Le lendemain, 28 avril, deux officiers chinois arrivèrent à bord de l’Hermès, porteurs d’un message très court enjoignant aux Anglais de décliner leur qualité et l’objet de leur visite, s’ils voulaient être admis à comparaître devant le « souverain de toutes les nations. » Ce message, sans signature et sans cachet, fut renvoyé par le plénipotentiaire qui dut en relever très vivement la forme impertinente. Enfin, le 29 avril, un chef nommé Lae vint présenter les excuses du prince, en alléguant que le message de la veille avait été rédigé par une personne ignorante des formules à employer à l’égard des « frères étrangers. » A la suite de cette apologie, qui fut jugée satisfaisante, il annonça à M. Meadows que le lendemain des palanquins et des chevaux seraient mis à la disposition de sir George Bonham, pour le conduire à la résidence des princes du Nord et de l’Est[1].
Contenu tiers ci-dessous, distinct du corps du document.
lemma funpow_in_cycle_of: "(f^^j) x \<in> cycle_of f x"
  unfolding cycle_of_def by (rule CollectI, rule exI[of _ j], rule exI[of _ 0]) simp

lemma funpow_in_cycle_of': "(f^^j) y = x \<Longrightarrow> y \<in> cycle_of f x"
  unfolding cycle_of_def by (rule CollectI, rule exI[of _ 0], rule exI[of _ j]) simp

lemma cycle_of_self [simp]: "x \<in> cycle_of f x"
  using funpow_in_cycle_of[where j=0] by simp

lemma closed_under_funpow_iff: "closed_under f S \<Longrightarrow> (f^^m) x \<in> S \<longleftrightarrow> x \<in> S"
  by (induction m) (simp_all add: closed_under_def)

lemma cycle_of_minimal: "closed_under f S \<Longrightarrow> x \<in> S \<Longrightarrow> cycle_of f x \<subseteq> S"
proof
  fix y assume S: "closed_under f S" "x \<in> S" and "y \<in> cycle_of f x"
  then obtain m n where "(f^^m) x = (f^^n) y" unfolding cycle_of_def by blast
  moreover have "(f^^m) x \<in> S" using closed_under_funpow_iff[OF S(1)] S(2) by simp
  ultimately show "y \<in> S" using closed_under_funpow_iff[OF S(1)] by simp
qed

lemma cycle_of_closed: "closed_under f (cycle_of f x)"
  unfolding closed_under_def cycle_of_def
proof (intro allI iffI; elim CollectE exE)
  fix a m n assume "(f^^m) x = (f^^n) (f a)"
  then have "(f^^m) x = (f^^Suc n) a" by (simp add: funpow_swap1)
  then show "a \<in> {y. \<exists>m n. (f^^m) x = (f^^n) y}" by blast
next
  fix a m n assume "(f^^m) x = (f^^n) a"
  then have "(f^^Suc m) x = (f^^n) (f a)" by (simp add: funpow_swap1)
  then show "f a \<in> {y. \<exists>m n. (f^^m) x = (f^^n) y}" by blast
qed

lemma cycle_of_sym: "y \<in> cycle_of f x \<Longrightarrow> x \<in> cycle_of f y"
  unfolding cycle_of_def by (auto dest: sym)

lemma cycle_of_eq: "y \<in> cycle_of f x \<Longrightarrow> cycle_of f y = cycle_of f x"
  by (meson cycle_of_closed cycle_of_minimal cycle_of_sym subset_antisym)

lemma cycles_eq_range_cycle_of: "cycles f = range (cycle_of f)"
proof safe
  fix S assume S: "S \<in> cycles f"
  then obtain x where x: "x \<in> S" and closed: "closed_under f S"
    and minimal: "\<forall>T. T \<subseteq> S \<and> T \<noteq> {} \<and> T \<noteq> S \<longrightarrow> \<not> closed_under f T"
    unfolding cycles_def by auto
  have "cycle_of f x \<subseteq> S" using cycle_of_minimal[OF closed x] .
  then have "cycle_of f x = S" using minimal cycle_of_closed[of f x] cycle_of_self[of x f] by blast
  then show "S \<in> range (cycle_of f)" by blast
next
  fix x show "cycle_of f x \<in> cycles f"
    unfolding cycles_def
  proof (intro CollectI conjI allI impI)
    show "cycle_of f x \<noteq> {}" using cycle_of_self[of x f] by blast
    show "closed_under f (cycle_of f x)" by (rule cycle_of_closed)
    fix T assume T: "T \<subseteq> cycle_of f x \<and> T \<noteq> {} \<and> T \<noteq> cycle_of f x"
    then obtain y where y: "y \<in> T" by auto
    show "\<not> closed_under f T"
    proof
      assume "closed_under f T"
      then have "cycle_of f y \<subseteq> T" using y by (rule cycle_of_minimal)
      moreover have "cycle_of f y = cycle_of f x" by (rule cycle_of_eq) (use y T in blast)
      ultimately show False using T by blast
    qed
  qed
qed

lemma cycle_of_in_cycles [simp]: "cycle_of f x \<in> cycles f"
  unfolding cycles_eq_range_cycle_of by blast

lemma cycle_eq_cycle_of: "S \<in> cycles f \<Longrightarrow> x \<in> S \<Longrightarrow> S = cycle_of f x"
proof -
  assume "S \<in> cycles f" "x \<in> S"
  then obtain y where "S = cycle_of f y" unfolding cycles_eq_range_cycle_of by blast
  with \<open>x \<in> S\<close> show ?thesis using cycle_of_eq[of x f y] by simp
qed

lemma cycles_nonempty: "S \<in> cycles f \<Longrightarrow> S \<noteq> {}"
  unfolding cycles_def by blast

lemma closed_under_Un: "closed_under f S \<Longrightarrow> closed_under f T \<Longrightarrow> closed_under f (S \<union> T)"
  unfolding closed_under_def by blast

lemma cycle_subset_cycle_of:
  assumes "S \<in> cycles f" "S \<subseteq> cycle_of f a" shows "S = cycle_of f a"
proof -
  obtain x where x: "x \<in> S" using cycles_nonempty[OF assms(1)] by blast
  then have "cycle_of f x = cycle_of f a" by (intro cycle_of_eq) (use assms(2) in blast)
  then show ?thesis using cycle_eq_cycle_of[OF assms(1) x] by simp
qed

section \<open>Cycles of injections\<close>

lemma funpow_cancel:
  fixes f :: "'a \<Rightarrow> 'a"
  assumes "inj f" "(f^^n) x = (f^^n) y" shows "x = y"
  using inj_fn[OF assms(1), of n] assms(2) unfolding inj_def by blast

lemma funpow_eq_imp_period:
  assumes "inj f" "i \<le> j" "(f^^i) x = (f^^j) x" shows "(f^^(j - i)) x = x"
proof -
  have "(f^^i) ((f^^(j - i)) x) = (f^^i) x"
    using assms(2,3) by (metis funpow_add le_add_diff_inverse comp_apply)
  then show ?thesis using funpow_cancel[OF assms(1)] by blast
qed

lemma cycle_of_inj_cases:
  assumes "inj f" "y \<in> cycle_of f x"
  shows "(\<exists>j. y = (f^^j) x) \<or> (\<exists>j. (f^^j) y = x)"
proof -
  obtain m n where e: "(f^^m) x = (f^^n) y" using assms(2) unfolding cycle_of_def by blast
  show ?thesis
  proof (cases "n \<le> m")
    case True
    then have "(f^^n) ((f^^(m - n)) x) = (f^^n) y" using e by (metis funpow_add le_add_diff_inverse comp_apply)
    then show ?thesis using funpow_cancel[OF assms(1)] by blast
  next
    case False
    then have "(f^^m) ((f^^(n - m)) y) = (f^^m) x" using e by (metis funpow_add le_add_diff_inverse nat_le_linear comp_apply)
    then show ?thesis using funpow_cancel[OF assms(1)] by blast
  qed
qed

lemma finite_cycle_has_period:
  assumes "inj f" "finite (cycle_of f x)" shows "\<exists>p>0. (f^^p) x = x"
proof -
  have "{y. \<exists>n. y = (f^^n) x} \<subseteq> cycle_of f x" by (auto simp: funpow_in_cycle_of)
  then show ?thesis using funpow_inj_finite[OF assms(1)] assms(2) finite_subset by metis
qed

lemma cycle_of_periodic:
  assumes "inj f" "0 < p" "(f^^p) x = x"
  shows "cycle_of f x = (\<lambda>i. (f^^i) x) ` {..<p}"
proof
  show "(\<lambda>i. (f^^i) x) ` {..<p} \<subseteq> cycle_of f x" by (auto simp: funpow_in_cycle_of)
  show "cycle_of f x \<subseteq> (\<lambda>i. (f^^i) x) ` {..<p}"
  proof
    fix y assume "y \<in> cycle_of f x"
    then obtain m n where e: "(f^^m) x = (f^^n) y" unfolding cycle_of_def by blast
    define k where "k = m + n * p - n"
    have "n \<le> n * p" using assms(2) by simp
    then have "n + k = m + n * p" unfolding k_def by linarith
    then have "(f^^n) ((f^^k) x) = (f^^(m + n * p)) x" by (metis funpow_add comp_apply)
    also have "\<dots> = (f^^m) x" using funpow_mod_eq[OF assms(3)] by (metis mod_mult_self1)
    finally have "y = (f^^k) x" using e funpow_cancel[OF assms(1)] by metis
    then have "y = (f^^(k mod p)) x" using funpow_mod_eq[OF assms(3)] by simp
    then show "y \<in> (\<lambda>i. (f^^i) x) ` {..<p}" using assms(2) by auto
  qed
qed

definition period :: "('a \<Rightarrow> 'a) \<Rightarrow> 'a \<Rightarrow> nat" where
  "period f x = (LEAST p. 0 < p \<and> (f^^p) x = x)"

lemma period:
  assumes "inj f" "finite (cycle_of f x)"
  shows "0 < period f x" and "(f^^period f x) x = x"
proof -
  obtain p where "0 < p \<and> (f^^p) x = x" using finite_cycle_has_period[OF assms] by blast
  then have "0 < period f x \<and> (f^^period f x) x = x" unfolding period_def by (rule LeastI)
  then show "0 < period f x" "(f^^period f x) x = x" by auto
qed

lemma period_least: "0 < i \<Longrightarrow> i < period f x \<Longrightarrow> (f^^i) x \<noteq> x"
  unfolding period_def using not_less_Least by blast

lemma funpow_eq_iff_mod_period:
  assumes "inj f" "finite (cycle_of f x)"
  shows "(f^^a) x = (f^^b) x \<longleftrightarrow> a mod period f x = b mod period f x"
proof
  define p where "p = period f x"
  have p: "0 < p" "(f^^p) x = x" using period[OF assms] unfolding p_def by auto
  assume "(f^^a) x = (f^^b) x"
  then have e: "(f^^(a mod p)) x = (f^^(b mod p)) x" using funpow_mod_eq[OF p(2)] by metis
  have "\<not> (i < j \<and> j < p \<and> (f^^i) x = (f^^j) x)" for i j
    using funpow_eq_imp_period[OF assms(1), of i j x] period_least[of "j - i" f x] unfolding p_def
    by auto
  then show "a mod p = b mod p" using e p(1) by (metis linorder_neqE_nat mod_less_divisor)
next
  assume "a mod period f x = b mod period f x"
  then show "(f^^a) x = (f^^b) x" using funpow_mod_eq[OF period(2)[OF assms]] by metis
qed

lemma card_finite_cycle:
  assumes "inj f" "finite (cycle_of f x)"
  shows "card (cycle_of f x) = period f x"
proof -
  have "inj_on (\<lambda>i. (f^^i) x) {..<period f x}"
    using funpow_eq_iff_mod_period[OF assms] by (auto intro: inj_onI)
  then show ?thesis using cycle_of_periodic[OF assms(1) period[OF assms]] by (simp add: card_image)
qed

lemma finite_cycle_funpow_eq_iff:
  assumes "inj f" "finite (cycle_of f x)"
  shows "(f^^a) x = (f^^b) x \<longleftrightarrow> a mod card (cycle_of f x) = b mod card (cycle_of f x)"
  using funpow_eq_iff_mod_period[OF assms] card_finite_cycle[OF assms] by simp

lemma infinite_cycle_funpow_eq_iff:
  assumes "inj f" "infinite (cycle_of f x)"
  shows "(f^^a) x = (f^^b) x \<longleftrightarrow> a = b"
proof
  have no_period: "(f^^p) x \<noteq> x" if "0 < p" for p
    using cycle_of_periodic[OF assms(1) that] assms(2) by auto
  assume e: "(f^^a) x = (f^^b) x"
  show "a = b"
  proof (cases a b rule: linorder_cases)
    case less
    then show ?thesis using funpow_eq_imp_period[OF assms(1), of a b x] e no_period[of "b - a"] by simp
  next
    case greater
    then show ?thesis using funpow_eq_imp_period[OF assms(1), of b a x] e no_period[of "a - b"] by simp
  qed
qed simp

lemma finite_cycle_subset_range:
  assumes "inj f" "finite (cycle_of f x)"
  shows "cycle_of f x \<subseteq> range f"
proof
  fix y assume "y \<in> cycle_of f x"
  then have fin: "finite (cycle_of f y)" using assms(2) cycle_of_eq by metis
  obtain q where "period f y = Suc q" using period(1)[OF assms(1) fin] gr0_conv_Suc by blast
  then have "f ((f^^q) y) = y" using period(2)[OF assms(1) fin] by simp
  then show "y \<in> range f" by (metis rangeI)
qed

lemma cycle_subset_range_preimage:
  assumes "cycle_of f x \<subseteq> range f" "t \<in> cycle_of f x"
  shows "\<exists>y\<in>cycle_of f x. (f^^j) y = t"
proof (induction j)
  case 0 then show ?case using assms(2) by auto
next
  case (Suc j)
  then obtain z where z: "z \<in> cycle_of f x" "(f^^j) z = t" by blast
  then obtain y where y: "z = f y" using assms(1) by blast
  then have "y \<in> cycle_of f x" using z(1) cycle_of_closed[of f x] unfolding closed_under_def by blast
  moreover have "(f^^Suc j) y = t" using z y by (simp add: funpow_swap1)
  ultimately show ?case by blast
qed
Jusqu’alors tous les pourparlers avec les rebelles avaient eu lieu par l’entremise de M. Meadows et de M. Frederick Harvey, secrétaire du plénipotentiaire britannique. Sir George s’était tenu en quelque sorte derrière ce rideau; il ne se montrait pas plus que l’invisible Taï-ping, et il se souciait peu de compromettre sa dignité avec ces princes des quatre points cardinaux, dont l’origine et le caractère semblaient assez suspects. Toute réflexion faite, il se décida à ne point se rendre à l’entrevue qu’il avait le premier sollicitée; il s’excusa « sur le mauvais temps et sur d’autres causes, » et se l)orna à adresser aux chefs des insurgés une longue lettre dans laquelle, après avoir rappelé les termes du traité de Nankin, l’ouverture des cinq ports, la cession de Hong-kong, etc., il confirma les précédentes déclarations de M. Meadows sur la neutralité des Anglais. Cette dépêche se terminait ainsi : « Notre intention est de demeurer complétement neutres dans le

  1. Taï-ping a pour lieutenans quatre princes qui s’intitulent : prince du Nord, — du Sud, — de l’Est, — de l’Ouest, — et un prince adjoint.